If these conclusions are as sound as they look here then it behoves investigators into the question of the synoptic problem to avoid too rigorous adherence to merely literary solutions. Bo Reicke in The Roots of the Synoptic Gospels advocated that the synoptics had only an oral prehistory. One need not go so far as that but it is interesting to observe that J.W. Wenham's recent Redating Matthew, Mark and Luke (reviewed in NovT 34 (1992) pp. 200-201) advocates an important role for oral transmission.
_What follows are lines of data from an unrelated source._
lemma qcf_level_q:
  assumes "1 \<le> a" "y \<noteq> 0" "fls_subdegree y \<le> 0"
  shows "qint True a + qpow True a / y \<noteq> 0" "fls_subdegree (qint True a + qpow True a / y) = 0"
proof -
  have y: "0 < fls_subdegree (qpow True a / y)"
    using assms by (simp add: fls_divide_subdegree)
  then have "fls_nth (qint True a + qpow True a / y) 0 = 1"
    using assms(1) by (simp add: fls_nth_qint_True)
  then show "qint True a + qpow True a / y \<noteq> 0"
    by (intro notI) simp
  have "fls_subdegree (qint True a + qpow True a / y) = fls_subdegree (qint True a)"
    by (rule fls_subdegree_add_eq1) (use y assms(1) in \<open>simp_all add: qint_True_nonzero fls_subdegree_qint_True\<close>)
  then show "fls_subdegree (qint True a + qpow True a / y) = 0"
    using assms(1) by (simp add: fls_subdegree_qint_True)
qed

lemma qcf_level_q_inv:
  assumes "1 \<le> a" "y \<noteq> 0" "fls_subdegree y = 0"
  shows "qint False a + qpow False a / y \<noteq> 0" "fls_subdegree (qint False a + qpow False a / y) = - int a"
proof -
  have "fls_subdegree (qpow False a / y) < fls_subdegree (qint False a)"
    using assms by (simp add: fls_divide_subdegree fls_subdegree_qint_False)
  then show subdegree: "fls_subdegree (qint False a + qpow False a / y) = - int a"
    using assms by (simp add: fls_subdegree_add_eq2 fls_divide_subdegree)
  show "qint False a + qpow False a / y \<noteq> 0"
    using subdegree assms(1) by auto
qed

lemma qcf_nonzero_subdegree:
  assumes "l \<noteq> []" "\<forall>a\<in>set l. 1 \<le> a"
  shows "qcf True l \<noteq> 0 \<and> fls_subdegree (qcf True l) = 0 \<and>
    qcf False l \<noteq> 0 \<and> fls_subdegree (qcf False l) \<le> 0 \<and>
    (tl l \<noteq> [] \<longrightarrow> fls_subdegree (qcf False l) = - int (hd l))"
  using assms
proof (induction l)
  case (Cons a l)
  show ?case
  proof (cases "l = []")
    case True
    then show ?thesis
      using Cons.prems
      by (simp add: qint_True_nonzero fls_subdegree_qint_True qint_False_nonzero fls_subdegree_qint_False)
  next
    case False
    with Cons have "qcf True l \<noteq> 0" "fls_subdegree (qcf True l) = 0"
      "qcf False l \<noteq> 0" "fls_subdegree (qcf False l) \<le> 0" "1 \<le> a"
      by auto
    then show ?thesis
      using False qcf_level_q[of a "qcf False l"] qcf_level_q_inv[of a "qcf True l"]
      by (simp add: qcf_Cons)
  qed
qed simp

lemma qcf_nonzero: "l \<noteq> [] \<Longrightarrow> \<forall>a\<in>set l. 1 \<le> a \<Longrightarrow> qcf b l \<noteq> 0"
  using qcf_nonzero_subdegree[of l] by (cases b) auto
We should perhaps take the message from these and other publications that when the second and third Gospel writers put pen to papyrus they had at their disposal four types of material: a) stories and sayings ignored by or unknown to the first evangelist-some or most of these coming to them from the oral tradition; b) stories and sayings that happened to have been used by the first evangelist but which the later writers received from the oral tradition independently of the written account; c) stories and sayings that reached the later evangelists from the oral tradition that had developed from the first evangelist's written account, as well as d) stories and sayings that were indeed taken directly from their predecessors' written versions. Such a pragmatic approach seems to do justice to the evidence presented in our printed synoptic texts, and seems to be an approach encouraged by the conclusions in this book.

But whatever use the evidence in this book is put to, it cannot be denied that what we have here is authoritative and welcome. Obviously much more needs to be done in the post-New Testament period, with special reference to the agrapha, the apocryphal texts and the patristic citations. A start has been made in other places by Koester, Crossan and their allies. In the present collection Rordorf is alert to these further needs. Wansbrough's introductory chapter ends with a list that refers to this and eleven other pointers to further investigation. It seems as if the conferences behind the present book have spawned enough ideas to fuel numerous other colloquia and debate. If so, they have amply fulfilled the par- ticipants' hopes.